Reduce allocation and dispatch overhead when one- and three-argument builtins are called through the dynamic Val.Func.apply1 / apply3 path.

Key Design Decision:

Keep the optimization local and semantics-preserving. Builtin2 already has an exact-arity apply2 override; this adds matching Builtin1.apply1 and Builtin3.apply3 overrides. Exact positional calls directly invoke the structured evalRhs overload and skip constructing an intermediate Array. Non-exact paths still fall back to the generic parent application path.

Correctness:

  • The direct path matches the existing Builtin1.apply / Builtin3.apply exact positional behavior: force the supplied Eval values, then call the typed evalRhs.
  • Named arguments, missing defaults, too many arguments, and other non-exact calls still use the generic function application logic.
  • Static Expr.ApplyBuiltin1 / Expr.ApplyBuiltin3 paths are unchanged; this only helps dynamic builtin calls such as a builtin stored in a local or returned from another function.

Modification:

  • Add Builtin1.apply1.
  • Add Builtin3.apply3.

Validation:

  • ./mill --no-server 'sjsonnet.jvm[3.3.7].compile'
  • ./mill --no-server 'sjsonnet.jvm[3.3.7].test' (141/141, SUCCESS)
  • ./mill --no-server 'sjsonnet.jvm[3.3.7].checkFormat'
  • ./mill --no-server '_.jvm[_].__.test' (1104/1104, SUCCESS)
  • Dynamic builtin smoke checks:
    • local f = std.length; f([1, 2, 3]) -> 3
    • local f = std.substr; f("abcdef", 1, 3) -> "bcd"
    • local f = std.substr; f(str="abcdef", from=1, len=3) -> "bcd"

Hyperfine:

Toolchain:

  • hyperfine 1.20.0
  • --warmup 3 --min-runs 25 for targeted dynamic builtin benchmarks
  • --warmup 3 --min-runs 20 for realistic2
  • JVM assemblies built with ./mill --no-server show 'sjsonnet.jvm[3.3.7].assembly'
  • Base: upstream/master at c04fc804
  • Branch: 2067d8b5

Targeted Builtin1 dynamic call benchmark:

local identity(x) = x;
local len = identity(std.length);
std.foldl(
  function(acc, i) acc + len("abcdef"),
  std.range(1, 5000000),
  0
)
Command Mean [ms] Min [ms] Max [ms] Relative
master builtin1_dynamic 649.8 +/- 48.3 557.4 726.8 1.00
branch builtin1_dynamic 661.7 +/- 41.0 606.1 747.3 1.02 +/- 0.10

Result: statistically neutral in this hyperfine run.
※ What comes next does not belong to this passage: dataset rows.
lemma power_graph_iso_fixing_one:
  assumes G: "group G" and H: "group H" and "power_graph_iso G H"
  obtains f where "bij_betw f (carrier G) (carrier H)"
    and "\<And>x y. x \<in> carrier G \<Longrightarrow> y \<in> carrier G \<Longrightarrow>
           power_adj G x y \<longleftrightarrow> power_adj H (f x) (f y)"
    and "f \<one>\<^bsub>G\<^esub> = \<one>\<^bsub>H\<^esub>"
proof -
  interpret G: group G by (fact G)
  interpret H: group H by (fact H)
  obtain f0 where bij: "bij_betw f0 (carrier G) (carrier H)"
    and adj: "\<And>x y. x \<in> carrier G \<Longrightarrow> y \<in> carrier G \<Longrightarrow>
                power_adj G x y \<longleftrightarrow> power_adj H (f0 x) (f0 y)"
    using assms(3) unfolding power_graph_iso_def by blast
  have u: "f0 \<one>\<^bsub>G\<^esub> \<in> carrier H" using bij bij_betwE by blast
  have u_dominating: "power_adj H (f0 \<one>\<^bsub>G\<^esub>) y"
    if "y \<in> carrier H" "y \<noteq> f0 \<one>\<^bsub>G\<^esub>" for y
  proof -
    have "y \<in> f0 ` carrier G" using that(1) bij by (simp add: bij_betw_def)
    then obtain x where "x \<in> carrier G" "y = f0 x" by blast
    then show ?thesis using that(2) G.power_adj_one[of x] adj[of "\<one>\<^bsub>G\<^esub>" x] by auto
  qed
  let ?f = "transpose (f0 \<one>\<^bsub>G\<^esub>) \<one>\<^bsub>H\<^esub> \<circ> f0"
  show thesis
  proof
    show "bij_betw ?f (carrier G) (carrier H)"
      using bij_betw_trans[OF bij bij_betw_transpose_iff] u by simp
    show "power_adj G x y \<longleftrightarrow> power_adj H (?f x) (?f y)"
      if "x \<in> carrier G" "y \<in> carrier G" for x y
      using transpose_preserves_adj_dominating[OF power_adj_commute power_adj_irrefl u u_dominating
          H.one_closed H.power_adj_one, of "f0 x" "f0 y"]
        that adj[OF that] bij_betwE[OF bij] by auto
  qed simp
qed

lemma iso_imp_power_graph_iso:
  assumes G: "group G" and H: "group H" and "G \<cong> H"
  shows "power_graph_iso G H"
proof -
  obtain h where "h \<in> iso G H" using assms(3) unfolding is_iso_def by auto
  then have hom: "h \<in> hom G H" and bij: "bij_betw h (carrier G) (carrier H)"
    unfolding iso_def by auto
  interpret group_hom G H h using G H hom by (simp add: group_hom_def group_hom_axioms_def)
  have inj: "inj_on h (carrier G)" using bij bij_betw_def by blast
  have "h y \<in> generate H {h x} \<longleftrightarrow> y \<in> generate G {x}" if "x \<in> carrier G" "y \<in> carrier G" for x y
    using generate_img[of "{x}"] that inj G.generate_incl[of "{x}"] by (auto dest: inj_onD)
  then have "power_adj G x y \<longleftrightarrow> power_adj H (h x) (h y)" if "x \<in> carrier G" "y \<in> carrier G" for x y
    using that inj bij_betwE[OF bij] unfolding power_adj_def by (auto dest: inj_onD)
  then show ?thesis unfolding power_graph_iso_def using bij by blast
qed

definition zero_vec :: "nat \<Rightarrow> nat \<Rightarrow> int" where
  "zero_vec m = (\<lambda>i\<in>{..<m}. 0)"

lemma zero_vec_mem: "zero_vec m \<in> {..<m} \<rightarrow>\<^sub>E {0..<2::int}"
  unfolding zero_vec_def by auto

lemma carrier_elem_Z2_times_Zn:
  "n > 0 \<Longrightarrow> carrier (elem_Z2_times_Zn m n) = ({..<m} \<rightarrow>\<^sub>E {0..<2}) \<times> {0..<int n}"
  unfolding elem_Z2_times_Zn_def by (simp add: carrier_integer_mod_group)

lemma one_elem_Z2_times_Zn: "\<one>\<^bsub>elem_Z2_times_Zn m n\<^esub> = (zero_vec m, 0)"
  unfolding elem_Z2_times_Zn_def zero_vec_def by simp

lemma mult_elem_Z2_times_Zn:
  "(a, b) \<otimes>\<^bsub>elem_Z2_times_Zn m n\<^esub> (a', b') = ((\<lambda>i\<in>{..<m}. (a i + a' i) mod 2), (b + b') mod int n)"
  unfolding elem_Z2_times_Zn_def by simp

lemma group_elem_Z2_times_Zn: "group (elem_Z2_times_Zn m n)"
  unfolding elem_Z2_times_Zn_def by (intro DirProd_group product_group) auto

lemma finite_carrier_elem_Z2_times_Zn: "n > 0 \<Longrightarrow> finite (carrier (elem_Z2_times_Zn m n))"
  by (simp add: carrier_elem_Z2_times_Zn finite_PiE)

lemma card_carrier_elem_Z2_times_Zn: "n > 0 \<Longrightarrow> card (carrier (elem_Z2_times_Zn m n)) = 2 ^ m * n"
  by (simp add: carrier_elem_Z2_times_Zn card_PiE card_cartesian_product)

lemma nat_pow_DirProd:
  "x [^]\<^bsub>G \<times>\<times> H\<^esub> (k::nat) = (fst x [^]\<^bsub>G\<^esub> k, snd x [^]\<^bsub>H\<^esub> k)"
  by (induction k) (auto simp: mult_DirProd')

lemma nat_pow_product_group:
  "x [^]\<^bsub>product_group I G\<^esub> (k::nat) = (\<lambda>i\<in>I. x i [^]\<^bsub>G i\<^esub> k)"
  by (induction k) (auto intro!: restrict_ext)

lemma nat_pow_elem_Z2_times_Zn:
  assumes "a \<in> {..<m} \<rightarrow>\<^sub>E {0..<2}"
  shows "(a, b) [^]\<^bsub>elem_Z2_times_Zn m n\<^esub> (k::nat) =
    (if even k then zero_vec m else a, (int k * b) mod int n)"
proof -
  have "(a, b) [^]\<^bsub>elem_Z2_times_Zn m n\<^esub> k =
      ((\<lambda>i\<in>{..<m}. (int k * a i) mod 2), (int k * b) mod int n)"
    unfolding elem_Z2_times_Zn_def nat_pow_DirProd nat_pow_product_group by simp
  moreover have "(\<lambda>i\<in>{..<m}. (int k * a i) mod 2) = (if even k then zero_vec m else a)"
  proof -
    have digit: "(int k * x) mod 2 = (if even k then 0 else x)" if "x \<in> {0..<2::int}" for x
    proof -
      have "x = 0 \<or> x = 1" using that by auto
      moreover have "int k mod 2 = (if even k then 0 else 1)"
        by (cases "even k") (auto elim!: evenE oddE)
      ultimately show ?thesis by auto
    qed
    have "a i = undefined" if "i \<notin> {..<m}" for i by (rule PiE_arb[OF assms that])
    then show ?thesis using assms unfolding zero_vec_def by (auto simp: PiE_iff digit intro!: ext)
  qed
  ultimately show ?thesis by simp
qed

text \<open>Since \<open>n\<close> is odd, the exponents \<open>k\<close> and \<open>k + n\<close> have the same effect on the
  \<open>\<int>\<^sub>n\<close>-component but opposite effects on the other one.\<close>
lemma generate_elem_Z2_times_Zn:
  assumes n: "odd n" and a: "a \<in> {..<m} \<rightarrow>\<^sub>E {0..<2}" and b: "b \<in> {0..<int n}"
  shows "generate (elem_Z2_times_Zn m n) {(a, b)} =
    {zero_vec m, a} \<times> {(int k * b) mod int n | k::nat. True}"
    (is "_ = ?R")
proof -
  interpret H: group "elem_Z2_times_Zn m n" by (rule group_elem_Z2_times_Zn)
  have "n > 0" using n by presburger
  then have "generate (elem_Z2_times_Zn m n) {(a, b)} = {(a, b) [^]\<^bsub>elem_Z2_times_Zn m n\<^esub> k | k::nat. True}"
    using a b by (intro H.generate_singleton_eq_nat_pows finite_carrier_elem_Z2_times_Zn)
      (auto simp: carrier_elem_Z2_times_Zn)
  also have "\<dots> = ?R"
  proof
    show "?R \<subseteq> {(a, b) [^]\<^bsub>elem_Z2_times_Zn m n\<^esub> k | k::nat. True}"
    proof
      fix x assume "x \<in> ?R"
      then obtain e k where x: "x = (e, (int k * b) mod int n)" and e: "e \<in> {zero_vec m, a}"
        by auto
      define j where "j = (if (if even k then zero_vec m else a) = e then k else k + n)"
      have "even (k + n) \<longleftrightarrow> odd k" using n by simp
      then have "(if even j then zero_vec m else a) = e"
        using e unfolding j_def by (cases "even k") auto
      moreover have "(int j * b) mod int n = (int k * b) mod int n"
        unfolding j_def by (simp add: algebra_simps)
      ultimately have "(a, b) [^]\<^bsub>elem_Z2_times_Zn m n\<^esub> j = x"
        by (simp add: nat_pow_elem_Z2_times_Zn[OF a] x)
      then show "x \<in> {(a, b) [^]\<^bsub>elem_Z2_times_Zn m n\<^esub> k | k::nat. True}" by blast
    qed
    show "{(a, b) [^]\<^bsub>elem_Z2_times_Zn m n\<^esub> k | k::nat. True} \<subseteq> ?R"
      by (auto simp: nat_pow_elem_Z2_times_Zn[OF a])
  qed
  finally show ?thesis .
qed
text \<open>Substituting \<open>z = r w\<close> turns the Gaussian in \<open>z\<close> into an exponential in \<open>r\<close>.\<close>

lemma nn_integral_cone_kernel_section:
  assumes \<kappa>: "0 < \<kappa>" and r: "0 < r"
  shows "(\<integral>\<^sup>+z. ennreal (cone_kernel L \<kappa> \<alpha> \<beta> (r, z)) \<partial>lborel) =
     (\<integral>\<^sup>+w. ennreal (L\<^sup>2 / (2 * pi * \<kappa>) * exp (- (\<beta> + w\<^sup>2 / \<kappa>) * r)) * indicator {\<alpha>..} w \<partial>lborel)"
proof -
  have m: "(\<lambda>z. ennreal (cone_kernel L \<kappa> \<alpha> \<beta> (r, z))) \<in> borel_measurable borel" by measurable
  have "(\<integral>\<^sup>+z. ennreal (cone_kernel L \<kappa> \<alpha> \<beta> (r, z)) \<partial>lborel)
      = ennreal r * (\<integral>\<^sup>+w. ennreal (cone_kernel L \<kappa> \<alpha> \<beta> (r, r * w)) \<partial>lborel)"
    using nn_integral_real_affine[OF m, of r 0] r by simp
  also have "\<dots> = (\<integral>\<^sup>+w. ennreal (r * cone_kernel L \<kappa> \<alpha> \<beta> (r, r * w)) \<partial>lborel)"
    using r by (subst nn_integral_cmult[symmetric])
      (auto intro!: nn_integral_cong simp: ennreal_mult cone_kernel_nonneg)
  also have "\<dots> = (\<integral>\<^sup>+w. ennreal (L\<^sup>2 / (2 * pi * \<kappa>) * exp (- (\<beta> + w\<^sup>2 / \<kappa>) * r)) * indicator {\<alpha>..} w \<partial>lborel)"
  proof (rule nn_integral_cong)
    fix w :: real
    have "r * cone_kernel L \<kappa> \<alpha> \<beta> (r, r * w)
        = (if \<alpha> \<le> w then L\<^sup>2 / (2 * pi * \<kappa>) * exp (- (\<beta> + w\<^sup>2 / \<kappa>) * r) else 0)"
    proof (cases "\<alpha> \<le> w")
      case True
      then have cone: "0 \<le> r \<and> \<alpha> * r \<le> r * w" using r by (simp add: mult.commute mult_left_mono)
      have exp: "exp (- \<beta> * r) * exp (- (r * w)\<^sup>2 / (\<kappa> * r)) = exp (- (\<beta> + w\<^sup>2 / \<kappa>) * r)"
        unfolding exp_add[symmetric] using r \<kappa> by (simp add: power2_eq_square field_simps)
      have "r * (L\<^sup>2 * exp (- \<beta> * r) * (exp (- (r * w)\<^sup>2 / (\<kappa> * r)) / (2 * pi * \<kappa> * r))) =
          L\<^sup>2 / (2 * pi * \<kappa>) * (exp (- \<beta> * r) * exp (- (r * w)\<^sup>2 / (\<kappa> * r)))"
        using r \<kappa> by (simp add: field_simps)
      then show ?thesis using True cone exp by (simp add: cone_kernel_def heat_kernel_square[OF \<kappa> r])
    next
      case False
      then have "\<not> \<alpha> * r \<le> r * w" using r by (simp add: mult.commute)
      then show ?thesis using False by (simp add: cone_kernel_def)
    qed
    then show "ennreal (r * cone_kernel L \<kappa> \<alpha> \<beta> (r, r * w)) =
        ennreal (L\<^sup>2 / (2 * pi * \<kappa>) * exp (- (\<beta> + w\<^sup>2 / \<kappa>) * r)) * indicator {\<alpha>..} w"
      by (simp add: indicator_def)
  qed
  finally show ?thesis .
qed

lemma cone_kernel_mass_gt_1:
  assumes \<kappa>: "0 < \<kappa>" and \<alpha>: "0 < \<alpha>" and \<beta>: "0 < \<beta>" and cond: "\<alpha>\<^sup>2 + \<kappa> * \<beta> < \<alpha> * L\<^sup>2 / (2 * pi)"
  defines "c \<equiv> sqrt (\<kappa> * \<beta>)"
  shows "1 < L\<^sup>2 / (2 * pi) * (pi / (2 * c) - arctan (\<alpha> / c) / c)"
proof -
  have c: "0 < c" "c\<^sup>2 = \<kappa> * \<beta>" using \<kappa> \<beta> by (simp_all add: c_def)
  define y where "y = \<alpha> / c"
  have y: "0 < y" using \<alpha> c by (simp add: y_def)
  have "(1 / y) / (1 + (1 / y)\<^sup>2) \<le> arctan (1 / y)" using y by (intro divide_one_plus_square_le_arctan) simp
  moreover have "(1 / y) / (1 + (1 / y)\<^sup>2) = y / (y\<^sup>2 + 1)" using y by (simp add: field_simps power2_eq_square)
  moreover have "arctan (1 / y) = pi / 2 - arctan y" using arctan_inverse[OF y] by (simp add: inverse_eq_divide)
  ultimately have "y / (y\<^sup>2 + 1) \<le> pi / 2 - arctan y" by simp
  then have "y / (y\<^sup>2 + 1) / c \<le> (pi / 2 - arctan y) / c" by (rule divide_right_mono) (use c in auto)
  moreover have "y / (y\<^sup>2 + 1) / c = \<alpha> / (\<alpha>\<^sup>2 + \<kappa> * \<beta>)"
  proof -
    have "(\<alpha> / c)\<^sup>2 + 1 = (\<alpha>\<^sup>2 + c\<^sup>2) / c\<^sup>2" using c(1) by (simp add: field_simps power2_eq_square)
    moreover have "(\<alpha> / c) / ((\<alpha>\<^sup>2 + c\<^sup>2) / c\<^sup>2) / c = \<alpha> / (\<alpha>\<^sup>2 + c\<^sup>2)"
      using c(1) \<alpha> by (simp add: power2_eq_square add_pos_pos)
    ultimately show ?thesis unfolding y_def c(2) by simp
  qed
  moreover have "(pi / 2 - arctan y) / c = pi / (2 * c) - arctan (\<alpha> / c) / c"
    using c by (simp add: y_def field_simps)
  ultimately have le: "\<alpha> / (\<alpha>\<^sup>2 + \<kappa> * \<beta>) \<le> pi / (2 * c) - arctan (\<alpha> / c) / c" by simp
  have "1 < (\<alpha> * L\<^sup>2 / (2 * pi)) / (\<alpha>\<^sup>2 + \<kappa> * \<beta>)"
    using cond \<alpha> \<kappa> \<beta> by (subst less_divide_eq_1_pos) (auto simp: add_pos_pos)
  also have "\<dots> = L\<^sup>2 / (2 * pi) * (\<alpha> / (\<alpha>\<^sup>2 + \<kappa> * \<beta>))" by simp
  also have "\<dots> \<le> L\<^sup>2 / (2 * pi) * (pi / (2 * c) - arctan (\<alpha> / c) / c)"
    by (rule mult_left_mono[OF le]) simp
  finally show ?thesis .
qed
Targeted Builtin3 dynamic call benchmark:

local identity(x) = x;
local substr = identity(std.substr);
std.foldl(
  function(acc, i) acc + std.length(substr("abcdef", 1, 3)),
  std.range(1, 3000000),
  0
)
Command Mean [ms] Min [ms] Max [ms] Relative
master builtin3_dynamic 742.5 +/- 156.1 594.1 1254.7 1.12 +/- 0.30
branch builtin3_dynamic 660.4 +/- 110.9 534.0 962.6 1.00

Result: branch was faster in this run, but variance is high.

End-to-end realistic2:

Command Mean [ms] Min [ms] Max [ms] Relative
master realistic2 544.9 +/- 95.3 414.1 706.5 1.27 +/- 0.27
branch realistic2 428.4 +/- 54.1 378.3 565.8 1.00

Result: branch was faster in this run; due JVM-startup and system noise, treat this as a non-regression signal rather than a guaranteed 1.27x speedup.

Motivation:
Reduce allocation and dispatch overhead when one- and three-argument builtins are called through the dynamic function apply path.

Modification:
Add Builtin1.apply1 and Builtin3.apply3 overrides that directly call their structured evalRhs methods for exact positional arity, matching the existing Builtin2.apply2 specialization and falling back to the generic parent path otherwise.

Result:
Dynamic builtin calls avoid constructing temporary argument arrays on the exact-arity path. JVM tests and targeted hyperfine comparisons pass.
@stephenamar-db stephenamar-db merged commit 192bb33 into databricks:master Apr 30, 2026
5 checks passed
He-Pin added a commit to He-Pin/sjsonnet that referenced this pull request Apr 30, 2026
Motivation:
Reduce allocation overhead in common numeric rendering paths.

Modification:
1. RenderUtils.renderDouble reuses pre-cached string representations for exact integer doubles in the range 0-255.
2. Materializer.stringify delegates number stringification to RenderUtils.renderDouble, removing its duplicate integer fast path.

Result:
Numeric materialization uses the shared renderDouble fast path. The Builtin1.apply1 / Builtin3.apply3 specialization from the original PR is already present in current master via databricks#807, so it is no longer part of this PR diff.
He-Pin added a commit to He-Pin/sjsonnet that referenced this pull request May 8, 2026
Motivation:
Reduce allocation overhead in common numeric rendering paths.

Modification:
1. RenderUtils.renderDouble reuses pre-cached string representations for exact integer doubles in the range 0-255.
2. Materializer.stringify delegates number stringification to RenderUtils.renderDouble, removing its duplicate integer fast path.

Result:
Numeric materialization uses the shared renderDouble fast path. The Builtin1.apply1 / Builtin3.apply3 specialization from the original PR is already present in current master via databricks#807, so it is no longer part of this PR diff.
stephenamar-db pushed a commit that referenced this pull request May 9, 2026
Motivation:

Reduce allocation overhead in common numeric rendering paths.

Key Design Decision:

Keep this PR focused on the `renderDouble` optimization. The original
`Builtin1.apply1` / `Builtin3.apply3` specialization has already landed
in current `master` via #807, so it is intentionally no longer part of
this PR diff after the rebase.

Modification:

- `Materializer` delegates number stringification to
`RenderUtils.renderDouble`.
- `RenderUtils.renderDouble` reuses a small integer string cache for
exact integer doubles in the range `0` to `255`.

Benchmark Results:

Rebased onto latest `upstream/master` at `8b67cb1e`.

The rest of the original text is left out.